There's a design problem with stream__init/stream__destroy --
see below.

> stream.impure.m:
>     Define an impure interface which is useful for interfacing streams
>     provided by the foreign function interface.

I would much prefer to have a pure stream.lowlevel.m that provides
everything that stream.impure.m provides except the impurity.
I wouldn't mind having stream.impure.m so long as stream.lowlevel.m
is there, but I object to having stream.impure.m in the public
interface without stream.lowlevel.m being there, since it would
encourage people to make unnecessary use of impurity.

> stdio.m:
>     Define an instance of the stream typeclass which provides a
>     stdin/stdout stream.
...
> library.m:
>     Include the stream and stdio modules.

The stdio module is an interesting application of streams, but as is
IMHO it isn't complete enough (and hence not stable enough) to be in
the standard library.  In particular, unlike C's <stdio.h>, it doesn't
provide access to stderr or to file streams.  Adding appropriate
support for those is IMHO likely to result in interface changes.

> string.m:
>     Define an instance of the stream typeclass which works on strings.

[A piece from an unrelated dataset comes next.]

(* Let $m\le k\le n$ be positive integers, $\epsilon\in(0,1)$ with $k\ge\frac{4m}{\epsilon}+\frac{12}{\epsilon^2}\log(\frac1\epsilon)$, $\mathbf a_1,\dots,\mathbf a_n\in\mathbb R^m$, and $w^*=\max\{[\det(\sum_{i\in S}\mathbf a_i\mathbf a_i^\top)]^{1/m}: S\subseteq[n],|S|=k\}$. Let $(\hat{\mathbf x},\hat w)$ be an optimal solution of the convex relaxation $\max\{w: w\le[\det(\sum_{i\in[n]}x_i\mathbf a_i\mathbf a_i^\top)]^{1/m},\ \sum_ix_i=k,\ \mathbf x\in[0,1]^n\}$. Consider the randomized algorithm: repeatedly sample a set $\mathcal S\subseteq[n]$ by including each $i\in[n]$ independently with probability $\frac{\hat x_i}{1+\epsilon}$, until $|\mathcal S|\le k$; then, while $|\mathcal S|<k$, add to $\mathcal S$ an element $j^*\in\arg\max_{j\in[n]\setminus\mathcal S}[\det(\sum_{i\in\mathcal S}\mathbf a_i\mathbf a_i^\top+\mathbf a_j\mathbf a_j^\top)]^{1/m}$; output $\mathcal S$. Then the output (a set of size $k$) satisfies $$\Big\{\mathbb E\Big[\det\Big(\sum_{i\in\mathcal S}\mathbf a_i\mathbf a_i^\top\Big)\Big]\Big\}^{1/m}\ge(1-\epsilon)\,w^*,$$ i.e. the algorithm is a $(1-\epsilon)$-approximation for the $D$-optimal design problem.
   Context: $[n]=\{1,\dots,n\}$; $\log$ is the natural logarithm. This is the $D$-optimal design problem without repetitions. *)

theory Defs
  imports "HOL-Analysis.Analysis" "HOL-Probability.Probability"
begin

I agree with Simon Taylor's comments.

> +:- module stdio.
> +
> +:- interface.
> +:- import_module stream, stream__impure.
> +:- import_module io.
> +
> +:- type stdio.
> +
> +	% XXX This should be an abstract type, but currently you aren't
> +	% allowed to have instance declarations that refer to abstract
> +	% types which are defined as equivalence types, and this needs
> +	% to be an equivalence type so that we can use the typeclass
> +	% interface defined in `stream.impure.m'.
> +:- type stdio_stream == impure(stdio).

Why not define it as

	:- type stdio_stream ---> stdio_stream(impure(stdio)).

and then implement the instance definitions as


> +	% Define the high-level operations using the generic operations
> +	% from the stream__impure module.
> +:- instance stream(stdio_stream) where [].
> +:- instance stream__input(stdio_stream) where [
> +	pred(read_character/3) is pure_read_char
> +].
> +
> +:- instance stream__output(stdio_stream) where [
> +	pred(write_character/3) is pure_write_char
> +].

	:- instance stream(stdio_stream) where [].
	:- instance stream__input(stdio_stream) where [
		read_character(C, stdio_stream(S0), stdio_stream(S)) :-
			pure_read_char(C, S0, S)
	].

	:- instance stream__output(stdio_stream) where [
		write_character(C, stdio_stream(S0), stdio_stream(S)) :-
			pure_write_char(C, S0, S)
	].

?

This is only two extra lines of code, and it saves you five lines of
XXX comments ;-)

> +% File: stream.impure.m.
> +% Main author: petdr
> +% Stability: exceptionally low.
> +%
> +% An impure interface for describing streams.
> +%
> +% This file provides a typeclass for people who want to map streams
> +% to a foreign language binding while doing the minimum amount of work.  In
> +% particular you need to write much less foreign language code, since
> +% you only need to implement a few impure predicates with a well defined
> +% interface.
> +%
> +% This file provides throwing exceptions, grabbing error messages,
> +% results packaged into ok/error/eof, and turning C style handle based

s/provides/provides a layer which handles/
s/results packaged/packaging results/

> +:- module stream__impure.
> +
> +:- interface.
> +
> +:- import_module char.
> +
> +:- type impure(S) ---> impure(S).

I think it would be clearer to name this `impure_stream'
rather than just `impure'.

Also you should have some comments here explaining what this type is,
and whether it is a handle or a state type.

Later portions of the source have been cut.